Кроме того, известия из Польши получались самые печальные. Почти все близкие родные, друзья были или сосланы, или, лишившись всего, бежали за границу. Для самих же Мигурских не предвиделось какого-либо конца этому положению. Все попытки ходатайствовать о прощении или хотя бы об улучшении положения, о производстве в офицеры, не достигали цели. Николай Павлович делал смотры, парады, учения, ходил по маскарадам, заигрывал с масками, скакал без надобности по России из Чугуева в Новороссийск, Петербург и Москву, пугая парод и загоняя лошадей, и когда какой-нибудь смельчак решался просить смягчения участи ссыльных декабристов или поляков, страдавших из-за той самой любви к отечеству, которая им же восхвалялась, он, выпячивая грудь, останавливал на чем попало свои оловянные глаза и говорил: «Пускай служат. Рано». Как будто он знал, когда будет не рано, а когда будет время. И все приближенные: генералы, камергеры и их жены, кормившиеся около него, умилялись перед необычайной прозорливостью и мудростью этого великого человека.

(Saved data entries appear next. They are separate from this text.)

definition height :: "nat \<Rightarrow> real set \<Rightarrow> (nat \<Rightarrow> real) \<Rightarrow> real" where
  "height d S p = (THE q. q \<in> conv_simplex (Suc d) S \<and> proj d q = p) (Suc d)"

definition interlacing_from :: "real set \<Rightarrow> real set \<Rightarrow> nat \<Rightarrow> bool" where
  "interlacing_from A B k =
     (\<exists>v::nat \<Rightarrow> real. (\<forall>i j. i < j \<and> j < k \<longrightarrow> v i < v j) \<and>
        (\<forall>i<k. v i \<in> (if even i then A else B)))"

definition interlacing :: "real set \<Rightarrow> real set \<Rightarrow> nat \<Rightarrow> bool" where
  "interlacing A B k = (interlacing_from A B k \<or> interlacing_from B A k)"

end

theory Submission
  imports Defs "HOL-Computational_Algebra.Polynomial"
begin

text \<open>Let \<open>v\<^sub>0 < \<dots> < v\<^sub>d\<^sub>+\<^sub>1\<close> be the interlacing sequence. The divided-difference weights
  \<open>L\<^sub>i = (-1) ^ (d + 1) / (\<Prod>j\<noteq>i. v\<^sub>i - v\<^sub>j)\<close> satisfy \<open>\<Sum>\<^sub>i L\<^sub>i v\<^sub>i ^ k = 0\<close> for \<open>k \<le> d\<close> and
  \<open>\<Sum>\<^sub>i L\<^sub>i v\<^sub>i ^ (d + 1) = (-1) ^ (d + 1)\<close>, and \<open>L\<^sub>i\<close> has sign \<open>(-1) ^ i\<close>. So \<open>\<Sum>\<^sub>i L\<^sub>i \<gamma>\<^sub>d(v\<^sub>i) = 0\<close>
  is an affine dependence whose positive part lives on the even-indexed nodes (in the first
  simplex) and whose negative part lives on the odd-indexed nodes (in the second); normalising
  both parts by their common total mass \<open>c > 0\<close> gives a common point \<open>p\<close> of the two hulls. As any \<open>d + 1\<close>
  points of the moment curve are affinely independent, the same coefficients lifted to
  \<open>\<gamma>\<^sub>d\<^sub>+\<^sub>1\<close> compute the two heights at \<open>p\<close>, and their difference is \<open>(-1) ^ (d + 1) / c\<close>.\<close>

definition lagrange_weight :: "real set \<Rightarrow> real \<Rightarrow> real" where
  "lagrange_weight V x = 1 / (\<Prod>y\<in>V - {x}. x - y)"

lemma lagrange_weight_insert:
  assumes "finite V" "b \<notin> V" "x \<in> V"
  shows "lagrange_weight (insert b V) x = lagrange_weight V x / (x - b)"
proof -
  have "insert b V - {x} = insert b (V - {x})" using assms by auto
  then show ?thesis using assms by (simp add: lagrange_weight_def)
qed

lemma lagrange_weight_insert_self:
  assumes "b \<notin> V"
  shows "lagrange_weight (insert b V) b = 1 / (\<Prod>y\<in>V. b - y)"
  using assms by (simp add: lagrange_weight_def)

lemma sum_lagrange_weight_divide:
  assumes "finite V" "V \<noteq> {}" "a \<notin> V"
  shows "(\<Sum>x\<in>V. lagrange_weight V x / (a - x)) = 1 / (\<Prod>y\<in>V. a - y)"
  using assms
proof (induction V arbitrary: a rule: finite_ne_induct)
  case (singleton x)
  then show ?case by (simp add: lagrange_weight_def)
next
  case (insert b V)
  let ?P = "\<lambda>c. \<Prod>y\<in>V. c - y"
  have "a \<noteq> b" using insert by auto
  have partial_fraction: "lagrange_weight V x / (x - b) / (a - x)
      = (lagrange_weight V x / (a - x) - lagrange_weight V x / (b - x)) / (a - b)" if "x \<in> V" for x
  proof -
    have "a - x \<noteq> 0" "b - x \<noteq> 0" "x - b \<noteq> 0" "a - b \<noteq> 0"
      using that insert \<open>a \<noteq> b\<close> by auto
    then show ?thesis by (simp add: divide_simps) (simp add: algebra_simps)
  qed
  have "(\<Sum>x\<in>insert b V. lagrange_weight (insert b V) x / (a - x))
      = 1 / ?P b / (a - b) + (\<Sum>x\<in>V. lagrange_weight V x / (x - b) / (a - x))"
    using insert by (simp add: lagrange_weight_insert lagrange_weight_insert_self)
  also have "(\<Sum>x\<in>V. lagrange_weight V x / (x - b) / (a - x))
      = (\<Sum>x\<in>V. (lagrange_weight V x / (a - x) - lagrange_weight V x / (b - x)) / (a - b))"
    using partial_fraction by (rule sum.cong[OF refl])
  also have "\<dots> = ((\<Sum>x\<in>V. lagrange_weight V x / (a - x)) - (\<Sum>x\<in>V. lagrange_weight V x / (b - x))) / (a - b)"
    by (simp flip: sum_divide_distrib sum_subtractf)
  also have "\<dots> = (1 / ?P a - 1 / ?P b) / (a - b)"
    using insert by simp
  also have "1 / ?P b / (a - b) + (1 / ?P a - 1 / ?P b) / (a - b) = 1 / ?P a / (a - b)"
    by (simp only: add_divide_distrib[symmetric]) simp
  also have "\<dots> = 1 / (\<Prod>y\<in>insert b V. a - y)"
    using insert by simp
  finally show ?case .
qed

lemma sum_lagrange_weight:
  assumes "finite V" "V \<noteq> {}"
  shows "(\<Sum>x\<in>V. lagrange_weight V x) = (if card V = 1 then 1 else 0)"
proof (cases "card V = 1")
  case True
  then obtain x where "V = {x}" by (auto simp: card_Suc_eq)
  then show ?thesis by (simp add: lagrange_weight_def)
next
  case False
  obtain b where "b \<in> V" using assms by blast
  define W where "W = V - {b}"
  have V: "V = insert b W" "b \<notin> W" "finite W" using \<open>b \<in> V\<close> assms by (auto simp: W_def)
  have "W \<noteq> {}" using False V by auto
  have "(\<Sum>x\<in>W. lagrange_weight W x / (x - b)) = - (\<Sum>x\<in>W. lagrange_weight W x / (b - x))"
    by (simp add: sum_negf[symmetric] minus_divide_right)
  also have "\<dots> = - (1 / (\<Prod>y\<in>W. b - y))"
    using sum_lagrange_weight_divide[OF V(3) \<open>W \<noteq> {}\<close> V(2)] by simp
  finally show ?thesis
    using V False by (simp add: lagrange_weight_insert lagrange_weight_insert_self)
qed

text \<open>Splitting \<open>x ^ Suc k = (x - b) * x ^ k + b * x ^ k\<close>: the factor \<open>x - b\<close> kills the
  term at \<open>b\<close> and turns the weights of \<open>insert b V\<close> into those of \<open>V\<close>.\<close>
lemma sum_lagrange_weight_insert_power_Suc:
  assumes "finite V" "b \<notin> V"
  shows "(\<Sum>x\<in>insert b V. lagrange_weight (insert b V) x * x ^ Suc k)
    = (\<Sum>x\<in>V. lagrange_weight V x * x ^ k) + b * (\<Sum>x\<in>insert b V. lagrange_weight (insert b V) x * x ^ k)"
proof -
  have "(\<Sum>x\<in>insert b V. lagrange_weight (insert b V) x * x ^ Suc k)
      = (\<Sum>x\<in>insert b V. lagrange_weight (insert b V) x * (x - b) * x ^ k)
        + b * (\<Sum>x\<in>insert b V. lagrange_weight (insert b V) x * x ^ k)"
    by (simp add: sum_distrib_left sum.distrib[symmetric] algebra_simps)
  also have "(\<Sum>x\<in>insert b V. lagrange_weight (insert b V) x * (x - b) * x ^ k)
      = (\<Sum>x\<in>V. lagrange_weight V x * x ^ k)"
    using assms by (auto simp: lagrange_weight_insert intro!: sum.cong)
  finally show ?thesis .
qed

lemma sum_lagrange_weight_power:
  assumes "finite V" "k < card V"
  shows "(\<Sum>x\<in>V. lagrange_weight V x * x ^ k) = (if Suc k = card V then 1 else 0)"
  using assms
proof (induction k arbitrary: V)
  case 0
  then show ?case using sum_lagrange_weight[of V] by (auto simp: card_gt_0_iff)
next
  case (Suc k)
  obtain b where "b \<in> V" using Suc.prems by fastforce
  define W where "W = V - {b}"
  have V: "V = insert b W" "b \<notin> W" "finite W" using \<open>b \<in> V\<close> Suc.prems by (auto simp: W_def)
  have "card V = Suc (card W)" using V by simp
  then show ?case
    using Suc sum_lagrange_weight_insert_power_Suc[OF V(3,2), of k] V by simp
qed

В общем, все-таки в жизни Мигурских было больше счастья, чем несчастья.
Так прожили они пять лет. Но вдруг обрушилось на них неожиданное, страшное горе. Заболела сначала девочка, через два дня заболел мальчик: горел три дня и, без помощи врачей (никого нельзя было найти), на четвертый день умер. Через два дня после него умерла и девочка.

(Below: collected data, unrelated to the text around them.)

(* Let $0\le r\le n$. Every operator $T=P(x,u_0,\dots,u_r)$, with $P$ a real polynomial, can be written uniquely as a finite sum $$T=p(x)+\sum_{i}p_i(x)K_{ri}+\sum_{i\le j}p_{ij}(x)K_{ri}K_{rj}+\sum_{i\le j\le k}p_{ijk}(x)K_{ri}K_{rj}K_{rk}+\cdots$$ with all indices in $\{0,\dots,r\}$, coefficients $p,p_i,p_{ij},\dots\in\mathbb R[x]$, and products taken pointwise. Moreover $T(\mathcal P_n)\subset\mathcal P_n$ if and only if every coefficient of a term of degree $\ell$ in the $K_{ri}$ lies in $\mathcal P_{\ell r-(\ell-1)n}$; that is, $p\in\mathcal P_n$, $p_i\in\mathcal P_r$, $p_{ij}\in\mathcal P_{2r-n}$, $p_{ijk}\in\mathcal P_{3r-2n}$, etc.
   Context: Operators of order $\le r$ are identified with polynomials $P(x,u_0,\dots,u_r)$ acting on a smooth $f$ by $P[f](x)=P(x,f(x),f'(x),\dots,f^{(r)}(x))$. $\mathcal P_s$ is the space of real polynomials in $x$ of degree $\le s$, and $\mathcal P_s=\{0\}$ for $s<0$. For $0\le j\le r\le n$, $K_{rj}$ is the linear operator $K_{rj}=\sum_{k=0}^{r-j}(-1)^k\binom{n-k-j}{n-r}\frac{x^k}{k!}u_{k+j}$ (equivalently $K_{rj}=\frac{1}{(r-j)!}(n-j-xD)_{r-j}D^j$ with $D=d/dx$ and $(a-xD)_k=(-1)^k(xD-a)(xD-a+1)\cdots(xD-a+k-1)$). *)

theory Defs
  imports "HOL-Computational_Algebra.Polynomial" "HOL-Library.Poly_Mapping" "HOL-Library.Multiset"
begin

text \<open>A differential operator P(x,u_0,...,u_r) with P a real polynomial is represented as
  a polynomial in the variables u_0,u_1,... (monomials are finitely supported exponent maps
  nat =>0 nat, variable i standing for u_i) with coefficients in R[x].\<close>

type_synonym diffop = "(nat \<Rightarrow>\<^sub>0 nat) \<Rightarrow>\<^sub>0 real poly"

definition order_le :: "nat \<Rightarrow> diffop \<Rightarrow> bool" where
  "order_le r T \<longleftrightarrow> (\<forall>m \<in> Poly_Mapping.keys T. Poly_Mapping.keys m \<subseteq> {0..r})"

definition apply_op :: "diffop \<Rightarrow> real poly \<Rightarrow> real \<Rightarrow> real" where
  "apply_op T f x = (\<Sum>m\<in>Poly_Mapping.keys T. poly (Poly_Mapping.lookup T m) x *
       (\<Prod>i\<in>Poly_Mapping.keys m. (poly ((pderiv ^^ i) f) x) ^ Poly_Mapping.lookup m i))"

definition coeff_op :: "real poly \<Rightarrow> diffop" where
  "coeff_op p = Poly_Mapping.single 0 p"

definition uvar :: "nat \<Rightarrow> diffop" where
  "uvar i = Poly_Mapping.single (Poly_Mapping.single i 1) 1"

definition K :: "nat \<Rightarrow> nat \<Rightarrow> nat \<Rightarrow> diffop" where
  "K n r j = (\<Sum>k = 0..r - j.
      coeff_op (monom ((-1) ^ k * real ((n - k - j) choose (n - r)) / fact k) k) * uvar (k + j))"

definition Pset :: "int \<Rightarrow> real poly set" where
  "Pset s = (if s < 0 then {0} else {p. degree p \<le> nat s})"

text \<open>Admissible coefficient families: indexed by multisets of indices in {0..r}
  (a multiset M = {i <= j <= ...} stands for the product K_ri K_rj ...), finitely many nonzero.\<close>
definition admissible :: "nat \<Rightarrow> (nat multiset \<Rightarrow> real poly) \<Rightarrow> bool" where
  "admissible r c \<longleftrightarrow> finite {M. c M \<noteq> 0} \<and> (\<forall>M. c M \<noteq> 0 \<longrightarrow> set_mset M \<subseteq> {0..r})"

definition K_expansion :: "nat \<Rightarrow> nat \<Rightarrow> (nat multiset \<Rightarrow> real poly) \<Rightarrow> diffop" where
  "K_expansion n r c = (\<Sum>M \<in> {M. c M \<noteq> 0}. coeff_op (c M) * (\<Prod>i\<in>#M. K n r i))"

definition preserves :: "nat \<Rightarrow> diffop \<Rightarrow> bool" where
  "preserves n T \<longleftrightarrow> (\<forall>f. degree f \<le> n \<longrightarrow> (\<exists>q. degree q \<le> n \<and> (\<forall>x. apply_op T f x = poly q x)))"

end

(* Evaluating an operator at a point x and at arbitrary values v_i of the variables u_i is a
   ring homomorphism.  Since K_ri = binom(n-i, n-r) u_i + (terms in u_(i+1), ..., u_r), the
   system is triangular with nonzero diagonal.  Solving it for the u_i expresses every
   operator of order r through the K_ri, and at every x the values of K_r0, ..., K_rr can be
   prescribed arbitrarily; since a polynomial vanishing everywhere has zero coefficients, the
   expansion is unique.
   On polynomials, K_ri maps P_n into P_(n-r), and the coefficient of x^(n-r) in K_ri[f] is a
   nonzero multiple of the coefficient of x^(n-r+i) in f, which is free.  Hence the term
   p_M K_M (K_M the product of the K_ri over the multiset M) maps P_n into
   P_(deg p_M + |M|(n-r)), which gives sufficiency.  Conversely, if D = max (deg p_M + |M|(n-r))
   exceeds n, the coefficient of x^D in T[f] is a polynomial in these free coefficients whose
   coefficients are the leading coefficients of the p_M attaining the maximum; it must vanish
   identically, which is impossible. *)

theory Submission
  imports Defs "HOL-Computational_Algebra.Formal_Power_Series"
begin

Альбина не утопилась в Урале только потому, что не могла без ужаса представить себе положения мужа при известии об ее самоубийстве. Но жить ей было трудно. Всегда прежде деятельная и заботливая, она теперь, предоставив все свои заботы Лудвике, сидела часами без дела, молча глядя на то, что попадалось под глаза, а то вдруг вскакивала и убегала в свою каморку и там, не отвечая на утешения мужа и Лудвики, тихо плакала, только качая головой, прося их уйти и оставить ее одну. Летом она уходила на могилу детей и там сидела, раздирая себе сердце воспоминаниями о том, что было и что могло бы быть. Особенно мучила ее мысль о том, что дети могли бы остаться живы, если бы они жили в городе, где могла бы быть подана медицинская помощь. «За что? За что? — думала она. — И Юзё и я — мы ничего ни от кого не хотим, кроме того, чтоб ему жить так, как он родился и жили его деды и прадеды, а мне только — чтобы жить с ним, любить его, любить моих крошек, воспитывать их. И вдруг его мучают, ссылают, а у меня отнимают то, что мне дороже света. Зачем? За что?» — задавала она этот вопрос людям и богу. И не могла представить себе возможности какого-нибудь ответа.
А без этого ответа не было жизни. И жизнь ее остановилась. Бедная жизнь в изгнании, которую она прежде умела украшать своим женским вкусом и изяществом, стала теперь невыносима не только ей, но и Мигурскому, страдавшему за нее и не знавшему, чем помочь ей.
VII
В это самое тяжелое для Мигурских время прибыл в Уральск поляк Росоловский, замешанный в грандиозном плане возмущения и побега, устроенного в то время в Сибири сосланным ксендзом Сироцинским.
Росоловский, так же как и Мигурский, так же как и тысячи людей, наказанных ссылкою в Сибирь за то, что они хотели быть тем, чем родились, — поляками, был замешан в этом деле, наказан за это розгами и отдан в солдаты в тот же батальон, где был Мигурский. Росоловский, бывший учитель математики, был длинный, сутуловатый, худой человек с впалыми щеками и нахмуренным лбом.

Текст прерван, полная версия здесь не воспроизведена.